I know. My last boyfriend was a cognitive neuroscientist, and while I was blogging, he was finishing a paper for a journal—which, he pointed out, he would deliver and finish and then it wouldn’t get published for another eight months and wouldn’t get read for another 12 months. Here I was, writing the same amount of words in a day and having it read instantly by exponentially more people. My concern was that the hard work needed in those long, in-depth articles would be replaced by a bunch of chatterers like me.
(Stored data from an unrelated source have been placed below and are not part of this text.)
(* Let $\psi\colon\mathbb R^2\to\mathbb R$ be smooth and $p_\ast\in\mathbb R^2$ be such that conditions 1–7 below hold with $N=2$. Let $\alpha,c>0$, $\varpi\in\mathbb N$, $U(\tau):=\alpha\sin(\varpi\tau)$, $v(\tau):=c\sin(\varpi\tau)$, and for $a\in\mathbb R$ define $\phi^a\colon\mathbb R^2\times\mathbb S^1\to\mathbb R$ by $\phi^a([p,o]):=\frac1{2\pi}\int_0^{2\pi}\int_0^1(1-s)\,U(\tau)^2v(\tau)\,\langle\nabla^2\psi(p+asU(\tau)o)o,o\rangle\,\mathrm ds\,\mathrm d\tau$. Then there exist $a_0',\kappa>0$ such that $|\phi^a(x)|\le\kappa|\nabla\psi(p)|$ for every $a\in[0,a_0']$ and every $x=[p,o]\in\mathbb R^2\times\mathbb S^1$.
   Context: $\mathbb S^1$ is the unit circle in $\mathbb R^2$. Notation: $y_\ast:=\psi(p_\ast)$, $\underline y:=\inf\psi\in\mathbb R\cup\{-\infty\}$, $|\nabla^2\psi(p)|$ the operator norm of the Hessian, $\psi^{-1}(\ge y):=\{p:\psi(p)\ge y\}$. Conditions: (1) $\psi(p)<y_\ast$ for $p\ne p_\ast$; (2) $\nabla^2\psi(p_\ast)$ negative definite; (3) there is $r_1>0$ with $\psi(p_\ast+v)=\psi(p_\ast-v)$ for $|v|\le r_1$; (4) there is $c_1>0$ with $|\nabla^2\psi(p)|\le c_1$ for all $p$; (5) $\nabla\psi(p)\ne0$ for $p\ne p_\ast$; (6) for every $y\in(\underline y,y_\ast)$, $\psi^{-1}(\ge y)$ is compact; (7) there are $c_2,r_2,r_3>0$ with $|\nabla^2\psi(p+v)|\le c_2|\nabla\psi(p)|$ for all $|p-p_\ast|\ge r_2$, $|v|\le r_3$. *)

theory Defs
  imports "HOL-Analysis.Analysis"
begin

text \<open>Smoothness (C-infinity) on the plane: there is a family of iterated partial
derivatives, indexed by lists of coordinate directions, each of which is
(Frechet) differentiable everywhere with the next ones as partial derivatives.\<close>
definition smooth2 :: "(real^2 \<Rightarrow> real) \<Rightarrow> bool" where
  "smooth2 f \<longleftrightarrow> (\<exists>d :: 2 list \<Rightarrow> real^2 \<Rightarrow> real.
      d [] = f \<and>
      (\<forall>l p. (d l has_derivative (\<lambda>v. \<Sum>i\<in>UNIV. v$i * d (i # l) p)) (at p)))"

definition grad :: "(real^2 \<Rightarrow> real) \<Rightarrow> real^2 \<Rightarrow> real^2" where
  "grad f p = (THE g. (f has_derivative (\<lambda>v. g \<bullet> v)) (at p))"

definition hess :: "(real^2 \<Rightarrow> real) \<Rightarrow> real^2 \<Rightarrow> real^2^2" where
  "hess f p = (THE H. (grad f has_derivative (\<lambda>v. H *v v)) (at p))"

definition hess_norm :: "(real^2 \<Rightarrow> real) \<Rightarrow> real^2 \<Rightarrow> real" where
  "hess_norm f p = onorm (\<lambda>v. hess f p *v v)"

definition phi :: "(real^2 \<Rightarrow> real) \<Rightarrow> real \<Rightarrow> real \<Rightarrow> nat \<Rightarrow> real \<Rightarrow> real^2 \<Rightarrow> real^2 \<Rightarrow> real" where
  "phi \<psi> \<alpha> c w a p u =
     (1 / (2 * pi)) * integral {0..2*pi} (\<lambda>\<tau>. integral {0..1} (\<lambda>s.
        (1 - s) * (\<alpha> * sin (real w * \<tau>))\<^sup>2 * (c * sin (real w * \<tau>)) *
        ((hess \<psi> (p + (a * s * (\<alpha> * sin (real w * \<tau>))) *\<^sub>R u) *v u) \<bullet> u)))"

end

theory Submission
  imports Defs
begin

(*
  Write Q(q) = <hess psi(q) o, o>. The inner integrand of phi^a([p,o]) is U^2 v = alpha^2 c sin^3(w tau)
  times Q(p + a s U o), and tau -> 2 pi - tau flips the sign of sin(w tau); so phi^a([p,o]) is at most
  alpha^2 c times a bound on the odd part Q(p + y) - Q(p - y) over |y| <= a alpha.
  That odd part is O(|grad psi(p)|): near p* the Hessian is even about p* (condition 3), so the odd
  part is O(|p - p*|) by Lipschitz continuity of the Hessian, while |grad psi(p)| >= l |p - p*| since
  p* is a nondegenerate critical point (condition 2); far from p* condition 7 applies; on the
  compact annulus in between the gradient is bounded below (condition 5) and the Hessian above
  (condition 4).
*)

lemma has_derivative_vecI:
  fixes G :: "'a::real_normed_vector \<Rightarrow> real^'n"
  assumes "\<And>i. ((\<lambda>x. G x $ i) has_derivative (\<lambda>v. G' v $ i)) (at p)"
  shows "(G has_derivative G') (at p)"
proof (rule iffD2[OF has_derivative_componentwise_within], intro ballI)
  fix b :: "real^'n" assume "b \<in> Basis"
  then obtain i where "b = axis i 1" unfolding Basis_vec_def by auto
  then show "((\<lambda>x. G x \<bullet> b) has_derivative (\<lambda>x. G' x \<bullet> b)) (at p)"
    using assms by (simp add: cart_eq_inner_axis[symmetric])
qed

lemma has_derivative_reflect_symmetric:
  fixes F :: "'a::real_normed_vector \<Rightarrow> 'b::real_normed_vector"
  assumes F': "\<And>q. (F has_derivative F' q) (at q)"
    and sym: "\<And>q. q \<in> ball z r \<Longrightarrow> F q = s *\<^sub>R F (2 *\<^sub>R z - q)"
    and q: "q \<in> ball z r"
  shows "F' q v = - s *\<^sub>R F' (2 *\<^sub>R z - q) v"
proof -
  have "((\<lambda>x. 2 *\<^sub>R z - x) has_derivative (\<lambda>v. - v)) (at q)"
    by (auto intro!: derivative_eq_intros)
  from has_derivative_compose[OF this F']
  have "((\<lambda>x. s *\<^sub>R F (2 *\<^sub>R z - x)) has_derivative (\<lambda>v. s *\<^sub>R F' (2 *\<^sub>R z - q) (- v))) (at q)"
    by (rule has_derivative_scaleR_right)
  then have "(F has_derivative (\<lambda>v. s *\<^sub>R F' (2 *\<^sub>R z - q) (- v))) (at q)"
    by (rule has_derivative_transform_within_open[OF _ open_ball q]) (simp add: sym)
  then have "F' q = (\<lambda>v. s *\<^sub>R F' (2 *\<^sub>R z - q) (- v))"
    using F' by (rule has_derivative_unique[rotated])
  moreover have "F' (2 *\<^sub>R z - q) (- v) = - F' (2 *\<^sub>R z - q) v"
    by (rule linear_neg[OF has_derivative_linear[OF F']])
  ultimately show ?thesis by simp
qed

lemma has_derivative_lower_bound_near_zero:
  fixes G :: "'a::real_normed_vector \<Rightarrow> 'b::real_normed_vector"
  assumes "(G has_derivative G') (at z)" "G z = 0"
    and "m > 0" "\<And>v. m * norm v \<le> norm (G' v)"
  obtains \<delta> where "\<delta> > 0" "\<And>p. norm (p - z) < \<delta> \<Longrightarrow> m / 2 * norm (p - z) \<le> norm (G p)"
proof -
  obtain \<delta> where "\<delta> > 0"
    and \<delta>: "\<And>p. norm (p - z) < \<delta> \<Longrightarrow> norm (G p - G z - G' (p - z)) \<le> m / 2 * norm (p - z)"
    using assms(1) \<open>m > 0\<close> unfolding has_derivative_at_alt by (meson half_gt_zero)
  have "m / 2 * norm (p - z) \<le> norm (G p)" if "norm (p - z) < \<delta>" for p
  proof -
    have "norm (G p - G' (p - z)) \<le> m / 2 * norm (p - z)"
      using \<delta>[OF that] assms(2) by simp
    moreover have "norm (G' (p - z)) - norm (G p) \<le> norm (G p - G' (p - z))"
      by (metis norm_minus_commute norm_triangle_ineq2)
    ultimately show ?thesis
      using assms(4)[of "p - z"] by linarith
  qed
  with \<open>\<delta> > 0\<close> show ?thesis
    using that by blast
qed

lemma continuous_on_compact_norm_lower_bound:
  fixes G :: "'a::topological_space \<Rightarrow> 'b::real_normed_vector"
  assumes "compact S" "continuous_on S G" "\<And>p. p \<in> S \<Longrightarrow> G p \<noteq> 0"
  obtains m where "m > 0" "\<And>p. p \<in> S \<Longrightarrow> m \<le> norm (G p)"
proof (cases "S = {}")
  case False
  have "continuous_on S (\<lambda>p. norm (G p))"
    using assms(2) by (intro continuous_intros)
  then obtain x where "x \<in> S" "\<And>p. p \<in> S \<Longrightarrow> norm (G x) \<le> norm (G p)"
    using continuous_attains_inf[OF assms(1) False] by blast
  then show ?thesis
    using that[of "norm (G x)"] assms(3) by simp
next
  case True
  then show ?thesis
    using that[of 1] by simp
qed
(* Let $e\ge2$, let $\lambda$ be an $e$-regular partition with outer corners $c_1<\dots<c_r$ and inner corners $i_1<\dots<i_{r+1}$, and let $\omega^{(0)},\dots,\omega^{(r)}$ and $h_1,\dots,h_r$ be as in the outer flattening construction. Then for each $k\in\{1,\dots,r\}$: $h_k\in[i_k-1,i_k)$; the functions $\omega^{(k-1)}$ and $\omega^{(k)}$ coincide outside $(i_k-1,c_k)$; and $0\le\omega^{(k)}(s)-\omega^{(k-1)}(s)\le e$ for all $s\in(i_k-1,c_k)$.
   Context: A partition $\lambda=(\lambda_1\ge\dots\ge\lambda_h>0)$ is $e$-regular if $\lambda_i>\lambda_{i+e-1}$ for all $i\le h-e+1$. $Y(\lambda)=\{(a,b):1\le a\le h,1\le b\le\lambda_a\}$; node $(a,b)$ corresponds to the closed square with vertices $(a-b,a+b),(a-b\pm1,a+b-1),(a-b,a+b-2)$, and $\omega_\lambda(x)=\max(|x|,\sup\{y:(x,y)\text{ lies in one of these squares}\})$; $\omega_\lambda$ is piecewise linear with slope $\pm1$ on each $(k,k+1)$, $k\in\mathbb Z$. An integer $c$ is an outer (resp. inner) corner if $\omega_\lambda'=1$ on $(c-1,c)$ and $-1$ on $(c,c+1)$ (resp. $-1$ then $1$). Let $\alpha_e=1-2e^{-1}$. Outer flattening: $\omega^{(0)}=\omega_\lambda$; for $k=1,\dots,r$, let $h_k<c_k$ be the abscissa of the first point where the line of slope $\alpha_e$ through $(c_k,\omega_\lambda(c_k))$, followed from $c_k$ in the negative direction, meets the graph of $\omega^{(k-1)}$; define $\omega^{(k)}=\omega^{(k-1)}$ on $(-\infty,h_k]\cup[c_k,\infty)$ and $\omega^{(k)}(s)=\omega_\lambda(c_k)+\alpha_e(s-c_k)$ for $s\in[h_k,c_k]$. *)

theory Defs
  imports Complex_Main
begin

text \<open>A partition is a finite non-increasing list of positive integers
  (lam ! (a-1) is the part lambda_a, length lam = h).\<close>
definition is_partition :: "nat list \<Rightarrow> bool" where
  "is_partition lam \<longleftrightarrow> sorted_wrt (\<ge>) lam \<and> (\<forall>x\<in>set lam. 0 < x)"

definition e_regular :: "nat \<Rightarrow> nat list \<Rightarrow> bool" where
  "e_regular e lam \<longleftrightarrow>
     (\<forall>i::nat. 1 \<le> i \<and> i + e - 1 \<le> length lam \<longrightarrow> lam ! (i - 1) > lam ! (i + e - 2))"

definition young :: "nat list \<Rightarrow> (nat \<times> nat) set" where
  "young lam = {(a, b). 1 \<le> a \<and> a \<le> length lam \<and> 1 \<le> b \<and> b \<le> lam ! (a - 1)}"

definition node_square :: "nat \<times> nat \<Rightarrow> (real \<times> real) set" where
  "node_square n = (case n of (a, b) \<Rightarrow>
     {(x, y). \<bar>x - (real a - real b)\<bar> + \<bar>y - (real a + real b - 1)\<bar> \<le> 1})"

text \<open>omega_lambda(x) = max(|x|, sup{y : (x,y) in one of the squares}),
  where the sup of the empty set is ignored.\<close>
definition omega :: "nat list \<Rightarrow> real \<Rightarrow> real" where
  "omega lam x = Sup ({\<bar>x\<bar>} \<union> {y. \<exists>n\<in>young lam. (x, y) \<in> node_square n})"
lemma circle_velocity_orthogonal:
  "circle_point r z \<theta> \<bullet> vector [- r * w * sin \<theta>, r * w * cos \<theta>, 0] = 0"
  by (simp add: circle_point_def inner_vec3 algebra_simps)

lemma circle_velocity_sq:
  "vector [- r * w * sin \<theta>, r * w * cos \<theta>, 0] \<bullet> (vector [- r * w * sin \<theta>, r * w * cos \<theta>, 0] :: real^3)
     = r^2 * w^2"
proof -
  have "vector [- r * w * sin \<theta>, r * w * cos \<theta>, 0] \<bullet> (vector [- r * w * sin \<theta>, r * w * cos \<theta>, 0] :: real^3)
      = r^2 * w^2 * ((sin \<theta>)^2 + (cos \<theta>)^2)"
    unfolding inner_vec3 vector_3 power2_eq_square by algebra
  then show ?thesis by simp
qed

section \<open>Sums over the vertices of a regular polygon\<close>

lemma sum_polygon_shift:
  fixes f :: "real \<Rightarrow> 'a::comm_monoid_add"
  assumes periodic: "\<And>x. f (x + 2 * pi) = f x" and i: "i \<in> {1..n}"
  shows "(\<Sum>j\<in>{1..n} - {i}. f (2 * pi * (real j - real i) / real n))
       = (\<Sum>k\<in>{1..n-1}. f (2 * pi * real k / real n))"
proof (rule sym, rule sum.reindex_bij_witness[where j = "\<lambda>k. if i + k \<le> n then i + k else i + k - n"
       and i = "\<lambda>j. if j > i then j - i else j + n - i"])
  fix k
  show "f (2 * pi * (real (if i + k \<le> n then i + k else i + k - n) - real i) / real n)
      = f (2 * pi * real k / real n)"
  proof (cases "i + k \<le> n")
    case False
    have "2 * pi * (real (i + k - n) - real i) / real n + 2 * pi = 2 * pi * real k / real n"
      using False i by (simp add: of_nat_diff field_simps)
    then show ?thesis using False periodic by metis
  qed simp
qed (use i in auto)

lemma sum_polygon_reflect:
  fixes f :: "real \<Rightarrow> 'a::comm_monoid_add"
  shows "(\<Sum>k\<in>{1..n-1}. f (2 * pi * real k / real n))
       = (\<Sum>k\<in>{1..n-1}. f (2 * pi - 2 * pi * real k / real n))"
proof (rule sum.reindex_bij_witness[where i = "\<lambda>k. n - k" and j = "\<lambda>k. n - k"])
  fix k assume k: "k \<in> {1..n-1}"
  then have "k \<le> n" "real n > 0" by auto
  then have "2 * pi * real (n - k) / real n = 2 * pi - 2 * pi * real k / real n"
    by (simp add: of_nat_diff field_simps)
  then show "f (2 * pi - 2 * pi * real (n - k) / real n) = f (2 * pi * real k / real n)"
    by simp
qed auto

lemma sum_polygon_odd:
  fixes f :: "real \<Rightarrow> real"
  assumes odd: "\<And>x. f (2 * pi - x) = - f x"
  shows "(\<Sum>k\<in>{1..n-1}. f (2 * pi * real k / real n)) = 0"
  using sum_polygon_reflect[of f n] by (simp add: odd sum_negf)

section \<open>Distinct vertices do not collide\<close>

text \<open>Distinct vertices are not equal: \<open>2\<pi>D/n\<close> is not a multiple of \<open>2\<pi>\<close> for \<open>0 < |D| < n\<close>.\<close>
lemma cos_polygon_ne_1:
  fixes D :: int
  assumes "D \<noteq> 0" "\<bar>D\<bar> < int n"
  shows "cos (2 * pi * of_int D / real n) \<noteq> 1"
proof
  assume "cos (2 * pi * of_int D / real n) = 1"
  then obtain k :: int where "2 * pi * of_int D / real n = of_int k * 2 * pi"
    by (auto simp: cos_one_2pi_int)
  with assms have "real_of_int D = real_of_int (k * int n)"
    by (simp add: field_simps split: if_splits)
  then have D: "D = k * int n" by (simp only: of_int_eq_iff)
  with assms have "1 \<le> \<bar>k\<bar>" by auto
  then have "int n \<le> \<bar>k\<bar> * int n" by (simp add: mult_le_cancel_right1)
  with D assms show False by (simp add: abs_mult)
qed
(* Let $M$ be a metric structure. If for $j\in\mathbb{N}$ the definable predicates $\phi_j(x)=\phi_j(x_1,\dots,x_m)$ have the strong Erdős–Hajnal property and converge uniformly to $\phi(x)$, then $\phi(x)$ also has the strong Erdős–Hajnal property.
   Context: A $[0,1]$-valued definable predicate $\phi(x_1,\dots,x_m)$ on $M$ has the strong Erdős–Hajnal property if for every $\varepsilon>0$ there is $\delta>0$ such that for all finite $A_i\subseteq M^{x_i}$ ($1\le i\le m$) there are $B_i\subseteq A_i$ with $|B_i|\geq\delta|A_i|$ such that $(B_1,\dots,B_m)$ is $(\phi,\varepsilon)$-homogeneous, i.e. $|\phi(a)-\phi(a')|\leq\varepsilon$ for all $a,a'\in B_1\times\dots\times B_m$. *)

theory Defs
  imports "HOL-Analysis.Analysis"
begin

text \<open>An m-ary predicate on M is modelled as a real-valued function on tuples
  a \<in> PiE {..<m} D, where D i is the carrier of the i-th variable block
  (the sort M^{x_i}).\<close>

definition phi_homogeneous ::
  "((nat \<Rightarrow> 'a) \<Rightarrow> real) \<Rightarrow> real \<Rightarrow> nat \<Rightarrow> (nat \<Rightarrow> 'a set) \<Rightarrow> bool" where
  "phi_homogeneous \<phi> \<epsilon> m B \<longleftrightarrow>
     (\<forall>a \<in> PiE {..<m} B. \<forall>a' \<in> PiE {..<m} B. \<bar>\<phi> a - \<phi> a'\<bar> \<le> \<epsilon>)"

definition strong_EH ::
  "((nat \<Rightarrow> 'a) \<Rightarrow> real) \<Rightarrow> nat \<Rightarrow> (nat \<Rightarrow> 'a set) \<Rightarrow> bool" where
  "strong_EH \<phi> m D \<longleftrightarrow>
     (\<forall>\<epsilon>>0. \<exists>\<delta>>0. \<forall>A. (\<forall>i<m. finite (A i) \<and> A i \<subseteq> D i) \<longrightarrow>
        (\<exists>B. (\<forall>i<m. B i \<subseteq> A i \<and> real (card (B i)) \<ge> \<delta> * real (card (A i)))
             \<and> phi_homogeneous \<phi> \<epsilon> m B))"

end

theory Submission
  imports Defs
begin

text \<open>Homogeneity survives a uniform perturbation of size r at the cost of 2r in the
  tolerance. So if phi_j is within eps/3 of phi everywhere, the sets B witnessing the strong
  Erdos-Hajnal property of phi_j for eps/3 witness it for phi and eps, with the same delta.\<close>

lemma phi_homogeneous_perturb:
  assumes hom: "phi_homogeneous \<psi> \<epsilon> m B"
    and close: "\<And>a. a \<in> PiE {..<m} B \<Longrightarrow> \<bar>\<psi> a - \<phi> a\<bar> \<le> r"
  shows "phi_homogeneous \<phi> (\<epsilon> + 2 * r) m B"
  unfolding phi_homogeneous_def
proof (intro ballI)
  fix a a' assume a: "a \<in> PiE {..<m} B" and a': "a' \<in> PiE {..<m} B"
  have "\<bar>\<psi> a - \<psi> a'\<bar> \<le> \<epsilon>"
    using hom a a' unfolding phi_homogeneous_def by blast
  with close[OF a] close[OF a'] show "\<bar>\<phi> a - \<phi> a'\<bar> \<le> \<epsilon> + 2 * r"
    by linarith
qed

lemma strong_EH_approx:
  assumes approx: "\<And>r. r > 0 \<Longrightarrow>
      \<exists>\<psi>. strong_EH \<psi> m D \<and> (\<forall>a \<in> PiE {..<m} D. \<bar>\<psi> a - \<phi> a\<bar> \<le> r)"
  shows "strong_EH \<phi> m D"
  unfolding strong_EH_def
proof (intro allI impI)
  fix \<epsilon> :: real assume "\<epsilon> > 0"
  then obtain \<psi> where sEH: "strong_EH \<psi> m D"
    and close: "\<And>a. a \<in> PiE {..<m} D \<Longrightarrow> \<bar>\<psi> a - \<phi> a\<bar> \<le> \<epsilon> / 3"
    using approx[of "\<epsilon> / 3"] by auto
  obtain \<delta> where "\<delta> > 0" and \<delta>: "\<And>A. \<forall>i<m. finite (A i) \<and> A i \<subseteq> D i \<Longrightarrow>
      \<exists>B. (\<forall>i<m. B i \<subseteq> A i \<and> real (card (B i)) \<ge> \<delta> * real (card (A i)))
        \<and> phi_homogeneous \<psi> (\<epsilon> / 3) m B"
    using sEH \<open>\<epsilon> > 0\<close> unfolding strong_EH_def by (metis zero_less_divide_iff zero_less_numeral)
  show "\<exists>\<delta>>0. \<forall>A. (\<forall>i<m. finite (A i) \<and> A i \<subseteq> D i) \<longrightarrow>
      (\<exists>B. (\<forall>i<m. B i \<subseteq> A i \<and> real (card (B i)) \<ge> \<delta> * real (card (A i)))
        \<and> phi_homogeneous \<phi> \<epsilon> m B)"
  proof (intro exI[of _ \<delta>] conjI allI impI \<open>\<delta> > 0\<close>)
    fix A assume A: "\<forall>i<m. finite (A i) \<and> A i \<subseteq> D i"
    then obtain B where B: "\<forall>i<m. B i \<subseteq> A i \<and> real (card (B i)) \<ge> \<delta> * real (card (A i))"
      and hom: "phi_homogeneous \<psi> (\<epsilon> / 3) m B"
      using \<delta> by blast
    have "PiE {..<m} B \<subseteq> PiE {..<m} D"
      using A B by (intro PiE_mono) blast
    then have "phi_homogeneous \<phi> (\<epsilon> / 3 + 2 * (\<epsilon> / 3)) m B"
      using close by (intro phi_homogeneous_perturb[OF hom]) blast
    then have "phi_homogeneous \<phi> \<epsilon> m B"
      by simp
    then show "\<exists>B. (\<forall>i<m. B i \<subseteq> A i \<and> real (card (B i)) \<ge> \<delta> * real (card (A i)))
        \<and> phi_homogeneous \<phi> \<epsilon> m B"
      using B by blast
  qed
qed

theorem mainTheorem11:
  fixes \<phi>s :: "nat \<Rightarrow> (nat \<Rightarrow> 'a) \<Rightarrow> real"
    and \<phi> :: "(nat \<Rightarrow> 'a) \<Rightarrow> real"
    and m :: nat
    and D :: "nat \<Rightarrow> 'a set"
  assumes range01: "\<And>j a. a \<in> PiE {..<m} D \<Longrightarrow> \<phi>s j a \<in> {0..1}"
    and sEH: "\<And>j. strong_EH (\<phi>s j) m D"
    and unif: "uniform_limit (PiE {..<m} D) \<phi>s \<phi> sequentially"
  shows "strong_EH \<phi> m D"
proof (rule strong_EH_approx)
  fix r :: real assume "r > 0"
  then have "\<forall>\<^sub>F j in sequentially. \<forall>a \<in> PiE {..<m} D. dist (\<phi>s j a) (\<phi> a) < r"
    using unif unfolding uniform_limit_iff by blast
  then obtain j where "\<forall>a \<in> PiE {..<m} D. \<bar>\<phi>s j a - \<phi> a\<bar> < r"
    unfolding eventually_sequentially dist_real_def by blast
  then show "\<exists>\<psi>. strong_EH \<psi> m D \<and> (\<forall>a \<in> PiE {..<m} D. \<bar>\<psi> a - \<phi> a\<bar> \<le> r)"
    using sEH by (meson less_imp_le)
qed

end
But one of the things you come to understand about a good blog is that if you use it right as a reader, it will lead you to read something much more than the blog. It’s an entry point to longer pieces, to debates, that you can really go deeply into in a way that, for example, talk radio or the op-ed culture are unable to do. I mean, from books to long articles to reports to studies—you may not have had time to read the whole thing, but I will give you the materials to do so. Sometimes I am not able to read the entire thing, but I’ve read enough of it to know it’s worth passing along.
As long as one does one’s best not to misrepresent it, I act as a sort of maître d’. The maître d’ doesn’t have to have eaten every dish he recommends. He can just have a little bite. Because you simply physically can’t do it all. The Dish has to be one step ahead—until I collapse. And of course, like every blogger I have this thing in the back of my head that one day I’m going to quit it all and sit down and read books for a year.
Do you think you’d feel restless if you were sitting on the sidelines, watching the medium continue to evolve?
Who knows? But the nice thing about the Web is that it is so obviously its own organic being. You contribute to it, but you don’t control it. And you don’t want to control it. I like that about it. I think it’s actually changed my politics a little bit. I think I’ve become more libertarian as I’ve understood this medium.
That’s interesting. Your politics have changed because of the nature of the medium itself?
Yes, I’ve become more skeptical of doctrines and more skeptical of ideology and more skeptical of dogmatism. Including my own, occasionally. I think that my faith life, for example, has become more deconstructed than it was and has allowed me to entertain doubt more thoroughly.
But of course, it also helps to have been fantastically wrong about the Iraq War, the most important decision made in national life in a long time, and to have spent the last five years accounting for that and trying to explain that and understand it better. I think my readers—I hope, anyway—forgive me for some of that, as long as I’m candid and honest about it.
The task of talking out loud about one’s own mistakes is a very helpful thing to do. I think it’s more helpful than pretending you know everything and proclaiming every now and again from some high horse what the truth is. Blogging is a whole new way of writing, and a new way of experiencing the world. It’s very real and very human.